### [How to complete this task]
Reply solely with the number of lines, in the records underneath, that include the word "forall".

### [Information supplied]
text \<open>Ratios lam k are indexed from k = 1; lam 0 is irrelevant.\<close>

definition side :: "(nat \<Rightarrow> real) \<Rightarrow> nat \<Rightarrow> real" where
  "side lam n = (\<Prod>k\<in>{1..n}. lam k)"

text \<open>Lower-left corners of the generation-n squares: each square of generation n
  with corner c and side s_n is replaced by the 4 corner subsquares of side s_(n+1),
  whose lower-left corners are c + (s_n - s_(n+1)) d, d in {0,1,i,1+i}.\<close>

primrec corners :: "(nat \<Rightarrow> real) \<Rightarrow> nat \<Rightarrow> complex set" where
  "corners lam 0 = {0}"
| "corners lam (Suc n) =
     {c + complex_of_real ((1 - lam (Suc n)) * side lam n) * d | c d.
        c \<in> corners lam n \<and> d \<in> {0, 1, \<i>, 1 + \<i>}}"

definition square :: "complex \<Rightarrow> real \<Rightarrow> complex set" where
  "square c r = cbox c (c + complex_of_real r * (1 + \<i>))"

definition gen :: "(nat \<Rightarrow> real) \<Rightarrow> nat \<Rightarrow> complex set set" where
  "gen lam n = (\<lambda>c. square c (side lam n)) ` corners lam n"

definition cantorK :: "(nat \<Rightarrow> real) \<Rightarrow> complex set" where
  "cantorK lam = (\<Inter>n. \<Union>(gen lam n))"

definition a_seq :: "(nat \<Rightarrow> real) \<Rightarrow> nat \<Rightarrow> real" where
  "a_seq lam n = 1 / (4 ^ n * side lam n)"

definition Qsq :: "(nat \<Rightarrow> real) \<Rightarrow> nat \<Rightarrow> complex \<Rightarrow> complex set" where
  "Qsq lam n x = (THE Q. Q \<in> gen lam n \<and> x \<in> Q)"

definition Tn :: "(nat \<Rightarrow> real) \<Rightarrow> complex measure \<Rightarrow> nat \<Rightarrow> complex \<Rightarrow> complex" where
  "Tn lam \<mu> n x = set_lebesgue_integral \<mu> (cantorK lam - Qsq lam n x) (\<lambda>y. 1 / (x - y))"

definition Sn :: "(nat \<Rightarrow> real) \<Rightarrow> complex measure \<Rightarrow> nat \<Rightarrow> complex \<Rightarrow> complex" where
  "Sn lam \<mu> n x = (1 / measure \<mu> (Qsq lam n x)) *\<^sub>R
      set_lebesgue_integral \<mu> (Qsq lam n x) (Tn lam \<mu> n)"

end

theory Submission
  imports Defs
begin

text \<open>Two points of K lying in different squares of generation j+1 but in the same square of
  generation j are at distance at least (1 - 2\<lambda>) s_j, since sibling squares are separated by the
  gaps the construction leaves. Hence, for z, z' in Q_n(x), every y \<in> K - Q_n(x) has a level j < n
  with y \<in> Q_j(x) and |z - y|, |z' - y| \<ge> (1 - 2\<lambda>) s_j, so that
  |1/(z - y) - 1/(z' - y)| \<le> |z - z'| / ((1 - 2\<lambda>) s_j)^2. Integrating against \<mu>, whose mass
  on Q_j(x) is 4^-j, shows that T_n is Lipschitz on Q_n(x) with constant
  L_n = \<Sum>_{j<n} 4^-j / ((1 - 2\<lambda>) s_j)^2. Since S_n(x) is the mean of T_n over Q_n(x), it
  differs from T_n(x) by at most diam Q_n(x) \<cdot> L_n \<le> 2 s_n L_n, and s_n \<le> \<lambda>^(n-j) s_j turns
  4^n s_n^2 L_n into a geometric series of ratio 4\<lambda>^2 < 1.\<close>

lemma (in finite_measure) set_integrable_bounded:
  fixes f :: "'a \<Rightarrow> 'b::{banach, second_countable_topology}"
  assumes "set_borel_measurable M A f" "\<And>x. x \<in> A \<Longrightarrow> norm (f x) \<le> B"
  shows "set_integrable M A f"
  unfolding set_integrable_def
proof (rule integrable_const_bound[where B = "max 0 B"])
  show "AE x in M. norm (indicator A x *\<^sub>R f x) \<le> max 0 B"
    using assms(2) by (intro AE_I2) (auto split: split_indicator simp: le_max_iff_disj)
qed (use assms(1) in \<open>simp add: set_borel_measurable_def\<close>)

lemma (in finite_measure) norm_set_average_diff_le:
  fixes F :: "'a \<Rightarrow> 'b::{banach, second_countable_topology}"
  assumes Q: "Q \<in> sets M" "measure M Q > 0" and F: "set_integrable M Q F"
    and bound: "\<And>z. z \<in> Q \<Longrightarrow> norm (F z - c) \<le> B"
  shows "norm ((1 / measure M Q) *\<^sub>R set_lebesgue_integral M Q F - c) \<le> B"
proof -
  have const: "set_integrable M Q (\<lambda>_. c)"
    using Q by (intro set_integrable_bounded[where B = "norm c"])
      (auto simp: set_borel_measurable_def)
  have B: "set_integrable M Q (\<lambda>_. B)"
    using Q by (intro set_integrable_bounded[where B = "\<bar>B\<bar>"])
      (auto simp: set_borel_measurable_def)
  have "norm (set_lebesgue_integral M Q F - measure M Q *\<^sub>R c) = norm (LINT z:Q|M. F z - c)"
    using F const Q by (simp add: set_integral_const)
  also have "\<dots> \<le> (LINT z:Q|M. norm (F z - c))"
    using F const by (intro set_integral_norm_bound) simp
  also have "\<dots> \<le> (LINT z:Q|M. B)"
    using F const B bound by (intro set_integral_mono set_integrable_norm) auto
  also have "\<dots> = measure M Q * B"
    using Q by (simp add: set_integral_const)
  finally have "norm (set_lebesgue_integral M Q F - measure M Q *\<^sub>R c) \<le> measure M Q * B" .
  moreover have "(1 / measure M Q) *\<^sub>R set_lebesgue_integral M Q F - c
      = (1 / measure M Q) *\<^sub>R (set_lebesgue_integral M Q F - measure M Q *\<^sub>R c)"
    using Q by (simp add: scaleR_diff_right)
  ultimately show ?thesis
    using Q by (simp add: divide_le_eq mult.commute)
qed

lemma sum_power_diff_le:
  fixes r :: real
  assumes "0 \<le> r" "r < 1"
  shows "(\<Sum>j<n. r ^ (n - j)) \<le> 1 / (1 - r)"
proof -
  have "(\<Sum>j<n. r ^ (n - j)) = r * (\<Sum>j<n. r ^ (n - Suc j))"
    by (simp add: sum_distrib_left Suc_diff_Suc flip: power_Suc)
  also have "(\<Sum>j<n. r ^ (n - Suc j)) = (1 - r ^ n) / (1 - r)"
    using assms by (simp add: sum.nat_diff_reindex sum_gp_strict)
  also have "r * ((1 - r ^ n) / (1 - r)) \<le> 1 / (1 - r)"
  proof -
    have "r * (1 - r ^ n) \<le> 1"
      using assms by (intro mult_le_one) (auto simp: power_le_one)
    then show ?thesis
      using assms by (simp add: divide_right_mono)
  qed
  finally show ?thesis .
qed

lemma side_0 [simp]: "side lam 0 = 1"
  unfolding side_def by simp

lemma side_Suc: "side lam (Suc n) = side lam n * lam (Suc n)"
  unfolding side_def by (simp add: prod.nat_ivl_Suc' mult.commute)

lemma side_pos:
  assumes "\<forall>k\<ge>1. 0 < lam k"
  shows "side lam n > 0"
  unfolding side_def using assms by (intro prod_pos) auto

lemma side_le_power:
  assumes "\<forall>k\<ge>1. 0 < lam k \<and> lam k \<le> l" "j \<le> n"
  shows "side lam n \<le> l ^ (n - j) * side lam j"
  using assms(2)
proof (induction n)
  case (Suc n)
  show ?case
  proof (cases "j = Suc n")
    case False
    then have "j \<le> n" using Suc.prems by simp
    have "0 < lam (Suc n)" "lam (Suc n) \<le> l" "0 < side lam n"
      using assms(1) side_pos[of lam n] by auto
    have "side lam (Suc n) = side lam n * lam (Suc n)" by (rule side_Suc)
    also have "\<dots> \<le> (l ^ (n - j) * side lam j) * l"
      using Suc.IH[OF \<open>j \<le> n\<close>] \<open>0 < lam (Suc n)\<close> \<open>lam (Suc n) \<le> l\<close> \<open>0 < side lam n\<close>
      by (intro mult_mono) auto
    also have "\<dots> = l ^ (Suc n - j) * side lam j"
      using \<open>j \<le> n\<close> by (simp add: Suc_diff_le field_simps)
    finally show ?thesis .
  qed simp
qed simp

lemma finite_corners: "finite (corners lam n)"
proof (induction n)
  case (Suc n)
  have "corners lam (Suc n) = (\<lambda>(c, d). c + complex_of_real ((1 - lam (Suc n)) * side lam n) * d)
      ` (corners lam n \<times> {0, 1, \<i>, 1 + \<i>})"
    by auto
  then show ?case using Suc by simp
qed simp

### [Task answer]
2